2010 STOCK INCENTIVE PLAN
(AS AMENDED AND RESTATED AS OF SEPTEMBER 19, 2017)
RESTRICTED STOCK UNIT AGREEMENT
OptiNose, Inc., a Delaware corporation (the “Company”), hereby grants an Award of Restricted Stock Units in respect of its common stock, $0.001 par value per share (the “Stock”), to the Grantee named below (the “RSUs”). The terms and conditions of the RSUs are set forth in this cover sheet, in the attachment (together with the cover sheet, the “Agreement”) and in the Company’s 2010 Stock Incentive Plan, as amended and restated as of September 19, 2017 (the “Plan”).

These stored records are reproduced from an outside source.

(* Consider binary classification: $(x,y)$ is drawn from a data distribution with label $y\in\{0,1\}$, and a victim model outputs $\hat p(x)\in[0,1]$, its predicted probability of class $1$ (the watermark target class). Assume $\hat p$ is calibrated, i.e. $\mathbb{E}[y\mid \hat p(x)=a]=a$ for all $0\le a\le 1$. Let $\varepsilon\ge 0$ be the watermark level, $f_w\in\mathbb{R}$ a frequency, and $z(x)=\cos\left(f_w\, g(\mathbf{v}_k,x,\mathbf{M})\right)\in[-1,1]$, where $g(\mathbf{v}_k,x,\mathbf{M})\in[0,1)$ is a hash value determined by the random watermark key. Let $\tau\in[0,1]$ be the data selection ratio: under the randomness of the key, each input $x$ is selected for watermarking with probability $\tau$, independently of everything else. Define: - $\mathrm{Acc}(\text{Victim})=\mathbb{P}\big(\mathbb{1}\{\hat p(x)>0.5\}=y\big)$; - the argmax soft label: on a selected input, $\hat y_s=\mathbb{1}\left\{\frac{\hat p(x)+\varepsilon(1+z(x))}{1+2\varepsilon}>0.5\right\}$, and on a non-selected input $\hat y_s=\mathbb{1}\{\hat p(x)>0.5\}$, with $\mathrm{Acc}(\text{Argmax Soft})=\mathbb{P}(\hat y_s=y)$; - the sampling hard label: on a selected input, $\hat y_h\sim\mathrm{Ber}\left(\frac{\hat p(x)+\varepsilon(1+z(x))}{1+2\varepsilon}\right)$, drawn conditionally independently of $y$ given $x$, and on a non-selected input $\hat y_h=\mathbb{1}\{\hat p(x)>0.5\}$, with $\mathrm{Acc}(\text{Sampling Hard})=\mathbb{P}(\hat y_h=y)$. Then, with expectations over the random watermark key, $$\mathbb{E}\left[\mathrm{Acc}(\text{Argmax Soft})\right]\ \ge\ \mathrm{Acc}(\text{Victim})-\tau(0.5+\varepsilon)\,\mathbb{P}\left[0.5-\varepsilon\le \hat p(x)\le 0.5+\varepsilon\right],$$ $$\mathbb{E}\left[\mathrm{Acc}(\text{Sampling Hard})\right]\ \ge\ (1-\tau)\,\mathrm{Acc}(\text{Victim})+\frac{\tau}{1+2\varepsilon}\,\mathbb{E}\left[2\hat p(x)^2-2\hat p(x)+1\right].$$
   Context: This is the setting of a watermarking scheme for a classification API. The watermark key is random: $\mathbf{v}_k,\mathbf{v}_s\in\mathbb{R}^n$ have i.i.d. $\mathcal{U}[0,1)$ entries and $\mathbf{M}$ has i.i.d. $\mathcal{N}(0,1)$ entries; $g(\mathbf{v},x,\mathbf{M})\in[0,1)$ denotes a hash of the input $x$ obtained from $\mathbf{v}^\top\mathbf{M}_{i(x)}$ (where $\mathbf{M}_{i(x)}$ is the row of $\mathbf{M}$ indexed by a token of $x$) via the probability integral transform. An input $x$ is selected for watermarking when $g(\mathbf{v}_s,x,\mathbf{M})\le\tau$; the paper models this as each input being selected with probability $\tau$ independently of everything else. On selected inputs the victim's class-1 probability $\hat p$ is replaced by $\frac{\hat p+\varepsilon(1+z(x))}{1+2\varepsilon}$. The "argmax soft" output is the argmax of the (possibly watermarked) probabilities; the "sampling hard" output is a one-hot label sampled from the watermarked probabilities. *)

theory Defs
  imports "HOL-Probability.Probability"
begin
section \<open>Measurability and independence\<close>

lemma pred_card_Collect_lessThan:
  fixes a :: nat
  assumes "\<And>j. j < a \<Longrightarrow> Measurable.pred N (P j)"
  shows "Measurable.pred N (\<lambda>x. card {j\<in>{..<a}. P j x} = n)"
  using assms
proof (induction a arbitrary: n)
  case 0
  then show ?case by simp
next
  case (Suc a)
  have "card {j\<in>{..<Suc a}. P j x} = card {j\<in>{..<a}. P j x} + (if P a x then 1 else 0)" for x
  proof -
    have "{j\<in>{..<Suc a}. P j x} = (if P a x then insert a {j\<in>{..<a}. P j x} else {j\<in>{..<a}. P j x})"
      by (auto simp: less_Suc_eq)
    then show ?thesis by simp
  qed
  then have "(\<lambda>x. card {j\<in>{..<Suc a}. P j x} = n) =
      (\<lambda>x. (P a x \<and> 1 \<le> n \<and> card {j\<in>{..<a}. P j x} = n - 1) \<or> (\<not> P a x \<and> card {j\<in>{..<a}. P j x} = n))"
    by (auto simp: fun_eq_iff)
  then show ?case using Suc by simp
qed

lemma measurable_enumerate_Collect:
  fixes Q :: "nat \<Rightarrow> 'a \<Rightarrow> bool"
  assumes "\<And>k. Measurable.pred M (Q k)"
  shows "(\<lambda>x. enumerate {k. Q k x} n) \<in> measurable M (count_space UNIV)"
  using assms
proof (induction n arbitrary: Q)
  case 0
  then show ?case unfolding enumerate_0 mem_Collect_eq by (rule measurable_Least[where P = Q])
next
  case (Suc n)
  note [measurable] = Suc.prems
  define L where "L x = (LEAST k. Q k x)" for x
  have [measurable]: "L \<in> measurable M (count_space UNIV)"
    unfolding L_def by (intro measurable_Least) simp
  have "{k. Q k x} - {enumerate {k. Q k x} 0} = {k. Q k x \<and> k \<noteq> L x}" for x
    by (auto simp: enumerate_0 L_def)
  moreover have "(\<lambda>x. enumerate {k. Q k x \<and> k \<noteq> L x} n) \<in> measurable M (count_space UNIV)"
    by (intro Suc.IH) measurable
  ultimately show ?case by (simp add: enumerate_Suc')
qed
lemma finite_valid_paths:
  assumes "no_oriented_cycles Q1 h t" and "finite Q1"
  shows "finite {p. valid_path Q1 h t p}"
proof (rule finite_subset[OF _ finite_lists_length_le[OF assms(2), of "card Q1"]])
  show "{p. valid_path Q1 h t p} \<subseteq> {p. set p \<subseteq> Q1 \<and> length p \<le> card Q1}"
  proof clarify
    fix p assume p: "valid_path Q1 h t p"
    then have arrows: "set p \<subseteq> Q1" by (simp add: valid_path_def)
    have "length p = card (set p)"
      using distinct_if_valid_path[OF assms(1) p] by (simp add: distinct_card)
    also have "\<dots> \<le> card Q1" using arrows assms(2) by (simp add: card_mono)
    finally show "set p \<subseteq> Q1 \<and> length p \<le> card Q1" using arrows by simp
  qed
qed

lemma fin_dim_if_no_oriented_cycles:
  "no_oriented_cycles Q1 h t \<Longrightarrow> finite Q1 \<Longrightarrow> fin_dim Q1 h t R"
  unfolding fin_dim_def by (rule finite_subset[OF _ finite_valid_paths]) auto

lemma sublist_pair_iff: "sublist [a, b] [x, y] \<longleftrightarrow> a = x \<and> b = y"
  by (auto simp: sublist_def append_eq_Cons_conv Cons_eq_append_conv)

lemma in_ideal_pairs_iff: "in_ideal {[a, b] | a b. (a, b) \<in> S} [x, y] \<longleftrightarrow> (x, y) \<in> S"
  unfolding in_ideal_def by (auto simp: sublist_pair_iff)

lemma in_ideal_trans: "(\<And>r. r \<in> C \<Longrightarrow> in_ideal R r) \<Longrightarrow> in_ideal C p \<Longrightarrow> in_ideal R p"
  unfolding in_ideal_def by (meson sublist_order.order_trans)

lemma card_le_2_eq_doubleton:
  "finite A \<Longrightarrow> card A \<le> 2 \<Longrightarrow> x \<in> A \<Longrightarrow> y \<in> A \<Longrightarrow> x \<noteq> y \<Longrightarrow> A = {x, y}"
  by (metis card_2_iff card_seteq empty_subsetI insert_subset)

lemma two_le_card: "finite A \<Longrightarrow> x \<in> A \<Longrightarrow> y \<in> A \<Longrightarrow> x \<noteq> y \<Longrightarrow> 2 \<le> card A"
  by (metis card_2_iff card_mono empty_subsetI insert_subset)

lemma two_distinct_if_two_le_card:
  assumes "2 \<le> card A" obtains x y where "x \<in> A" "y \<in> A" "x \<noteq> y"
proof -
  have "finite A" using assms card.infinite by fastforce
  with assms show ?thesis using card_le_Suc0_iff_eq that by fastforce
qed

lemma card_le_2_unique_failure:
  assumes "finite A" "card A \<le> 2" and witness: "2 \<le> card A \<Longrightarrow> \<exists>x\<in>A. Q x"
    and "x1 \<in> A" "x2 \<in> A" "\<not> Q x1" "\<not> Q x2"
  shows "x1 = x2"
proof (rule ccontr)
  assume "x1 \<noteq> x2"
  then have "A = {x1, x2}" and "2 \<le> card A"
    using card_le_2_eq_doubleton[OF assms(1,2,4,5)] two_le_card[OF assms(1,4,5)] by simp_all
  with witness assms(6,7) show False by blast
qed

definition saturating_matching :: "'a set \<Rightarrow> 'b set \<Rightarrow> ('a \<Rightarrow> 'b \<Rightarrow> bool) \<Rightarrow> ('a \<times> 'b) set \<Rightarrow> bool"
  where "saturating_matching A B P M \<longleftrightarrow>
    M \<subseteq> {(a, b). a \<in> A \<and> b \<in> B \<and> P a b} \<and> single_valued M \<and> single_valued (M\<inverse>) \<and>
    (2 \<le> card B \<longrightarrow> A \<subseteq> Domain M) \<and> (2 \<le> card A \<longrightarrow> B \<subseteq> Range M)"

lemma saturating_matching_converse:
  "saturating_matching A B P M \<Longrightarrow> saturating_matching B A (\<lambda>b a. P a b) (M\<inverse>)"
  unfolding saturating_matching_def by auto

lemma saturating_matching_onto_le_1:
  assumes "finite B" "card B \<le> 1"
    and bad_right: "\<And>a a' b. a \<in> A \<Longrightarrow> a' \<in> A \<Longrightarrow> b \<in> B \<Longrightarrow> \<not> P a b \<Longrightarrow> \<not> P a' b \<Longrightarrow> a = a'"
  shows "\<exists>M. saturating_matching A B P M"
proof (cases "2 \<le> card A \<and> B \<noteq> {}")
  case True
  then obtain b where "b \<in> B" by blast
  then have B: "B = {b}" using assms(1,2) card_le_Suc0_iff_eq[OF assms(1)] by auto
  obtain a1 a2 where "a1 \<in> A" "a2 \<in> A" "a1 \<noteq> a2"
    using True two_distinct_if_two_le_card by blast
  then obtain a where "a \<in> A" "P a b" using bad_right[of a1 a2 b] B by auto
  then have "saturating_matching A B P {(a, b)}"
    using B by (auto simp: saturating_matching_def single_valued_def)
  then show ?thesis ..
next
  case False
  then have "saturating_matching A B P {}"
    using assms(2) by (auto simp: saturating_matching_def single_valued_def)
  then show ?thesis ..
qed
lemma nn_integral_markov_chain_law:
  assumes mc: "markov_chain_law K Px" and g[measurable]: "g \<in> borel_measurable path_space"
  shows "(\<integral>\<^sup>+\<omega>. g \<omega> \<partial>Px x) = (\<integral>\<^sup>+y. (\<integral>\<^sup>+\<omega>. g (x ## \<omega>) \<partial>Px y) \<partial>K x)"
proof -
  have Px: "Px \<in> K x \<rightarrow>\<^sub>M prob_algebra path_space"
    using markov_chain_lawD(2)[OF mc] by (subst measurable_cong_sets[OF sets_markov_kernel[OF mc] refl])
  have N: "(\<lambda>y. distr (Px y) path_space (\<lambda>\<omega>. x ## \<omega>)) \<in> K x \<rightarrow>\<^sub>M subprob_algebra path_space"
    by (intro measurable_prob_algebraD measurable_distr_prob_space2[OF Px]) measurable
  have "(\<integral>\<^sup>+\<omega>. g \<omega> \<partial>Px x) = (\<integral>\<^sup>+y. (\<integral>\<^sup>+\<omega>. g \<omega> \<partial>distr (Px y) path_space (\<lambda>\<omega>. x ## \<omega>)) \<partial>K x)"
    by (subst markov_chain_lawD(3)[OF mc]) (rule nn_integral_bind[OF g N])
  also have "\<dots> = (\<integral>\<^sup>+y. (\<integral>\<^sup>+\<omega>. g (x ## \<omega>) \<partial>Px y) \<partial>K x)"
  proof (rule nn_integral_cong)
    fix y
    have "(\<lambda>\<omega>. x ## \<omega>) \<in> Px y \<rightarrow>\<^sub>M path_space"
      by (subst measurable_cong_sets[OF sets_markov_chain_law[OF mc] refl]) measurable
    then show "(\<integral>\<^sup>+\<omega>. g \<omega> \<partial>distr (Px y) path_space (\<lambda>\<omega>. x ## \<omega>)) = (\<integral>\<^sup>+\<omega>. g (x ## \<omega>) \<partial>Px y)"
      by (rule nn_integral_distr) measurable
  qed
  finally show ?thesis .
qed

lemma
  fixes h :: "'a::polish_space \<Rightarrow> ennreal"
  assumes mc: "markov_chain_law K Px" and h: "h \<in> borel_measurable borel"
  shows nn_integral_snth_0: "(\<integral>\<^sup>+\<omega>. h (\<omega> !! 0) \<partial>Px x) = h x"
    and nn_integral_snth_Suc:
      "(\<integral>\<^sup>+\<omega>. h (\<omega> !! Suc k) \<partial>Px x) = (\<integral>\<^sup>+y. (\<integral>\<^sup>+\<omega>. h (\<omega> !! k) \<partial>Px y) \<partial>K x)"
proof -
  have hk: "(\<lambda>\<omega>. h (\<omega> !! k)) \<in> borel_measurable path_space" for k
    by (rule measurable_compose[OF measurable_snth h])
  show "(\<integral>\<^sup>+\<omega>. h (\<omega> !! Suc k) \<partial>Px x) = (\<integral>\<^sup>+y. (\<integral>\<^sup>+\<omega>. h (\<omega> !! k) \<partial>Px y) \<partial>K x)"
    by (subst nn_integral_markov_chain_law[OF mc hk]) simp
  have "(\<integral>\<^sup>+\<omega>. h (\<omega> !! 0) \<partial>Px x) = (\<integral>\<^sup>+y. (\<integral>\<^sup>+\<omega>. h x \<partial>Px y) \<partial>K x)"
    by (subst nn_integral_markov_chain_law[OF mc hk]) simp
  then show "(\<integral>\<^sup>+\<omega>. h (\<omega> !! 0) \<partial>Px x) = h x"
    by (simp add: prob_space.emeasure_space_1 prob_space_markov_kernel[OF mc] prob_space_markov_chain_law[OF mc])
qed

lemma borel_measurable_nn_integral_snth_1:
  fixes h :: "'a::polish_space \<Rightarrow> ennreal"
  assumes mc: "markov_chain_law K Px" and h: "h \<in> borel_measurable borel"
  shows "(\<lambda>y. \<integral>\<^sup>+\<omega>. h (\<omega> !! 1) \<partial>Px y) \<in> borel_measurable borel"
proof -
  have "(\<integral>\<^sup>+\<omega>. h (\<omega> !! 1) \<partial>Px y) = (\<integral>\<^sup>+z. h z \<partial>K y)" for y
    using nn_integral_snth_Suc[OF mc h, of _ 0] nn_integral_snth_0[OF mc h] by simp
  moreover have "K \<in> borel \<rightarrow>\<^sub>M subprob_algebra borel"
    using markov_chain_lawD(1)[OF mc] by (rule measurable_prob_algebraD)
  ultimately show ?thesis
    using measurable_compose[OF _ nn_integral_measurable_subprob_algebra[OF h]] by simp
qed

lemma nn_integral_snth_Suc_markov:
  fixes h :: "'a::polish_space \<Rightarrow> ennreal"
  assumes mc: "markov_chain_law K Px" and h: "h \<in> borel_measurable borel"
  shows "(\<integral>\<^sup>+\<omega>. h (\<omega> !! Suc k) \<partial>Px x) = (\<integral>\<^sup>+\<omega>. (\<integral>\<^sup>+\<omega>'. h (\<omega>' !! 1) \<partial>Px (\<omega> !! k)) \<partial>Px x)"
proof (induction k arbitrary: x)
  case 0
  then show ?case
    using nn_integral_snth_0[OF mc borel_measurable_nn_integral_snth_1[OF mc h]] by simp
next
  case (Suc k)
  then show ?case
    by (simp only: nn_integral_snth_Suc[OF mc h, of _ "Suc k"]
        nn_integral_snth_Suc[OF mc borel_measurable_nn_integral_snth_1[OF mc h], of _ k])
qed

section \<open>Drift functions\<close>

lemma drift_functionD:
  assumes "drift_function Px \<tau> u"
  shows "u \<in> borel_measurable borel" "1 \<le> u x" "integrable (Px x) (\<lambda>\<omega>. u (\<omega> !! 1))"
    and "bdd_below (range (\<lambda>x. u x - Pop Px u x))"
  using assms unfolding drift_function_def by simp_all

lemma wfun_ge_1:
  assumes "bdd_below (range (\<lambda>x. u x - Pop Px u x))"
  shows "wfun Px u y \<ge> 1"
proof -
  obtain m where "\<And>x. m \<le> u x - Pop Px u x"
    using assms unfolding bdd_below_def by blast
  then have "bdd_above (range (\<lambda>x. Pop Px u x - u x))"
    by (intro bdd_aboveI2[where M = "- m"]) (simp add: algebra_simps)
  then have "Pop Px u y - u y \<le> (SUP x. Pop Px u x - u x)"
    by (rule cSUP_upper[rotated]) simp
  then show ?thesis
    by (simp add: wfun_def Bconst_def)
qed

lemma Pop_nonneg: "(\<And>y. 0 \<le> u y) \<Longrightarrow> 0 \<le> Pop Px u x"
  unfolding Pop_def by (simp add: integral_nonneg)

Grant Date: (the “Grant Date”)
Name of Grantee:
Number of RSUs Covered by Award:
Vesting Start Date:
Vesting Schedule: [__________ RSUs will be eligible to vest based on the passage of time as set forth herein][; and __________ RSUs will be eligible to vest based on the achievement of certain performance goals as set forth herein].
Issuance of Shares: [issuance of the Stock underlying vested RSUs shall be made within sixty (60) days after the applicable vesting date]; [other share issuance schedule as set forth herein]
By signing this cover sheet, you agree to all of the terms and conditions described in this Agreement and in the Plan, a copy of which is also attached. You acknowledge that you have carefully reviewed the Plan, and agree that the Plan will control in the event any provision of this Agreement should appear to be inconsistent. Certain capitalized terms used in this Agreement are defined in the Plan, and have the respective meanings set forth in the Plan.
Grantee:
(Signature)
Company:
(Signature)
Title:
Attachment
This is not a stock certificate or a negotiable instrument
OPTINOSE, INC.
2010 STOCK INCENTIVE PLAN
(AS AMENDED AND RESTATED AS OF SEPTEMBER 19, 2017)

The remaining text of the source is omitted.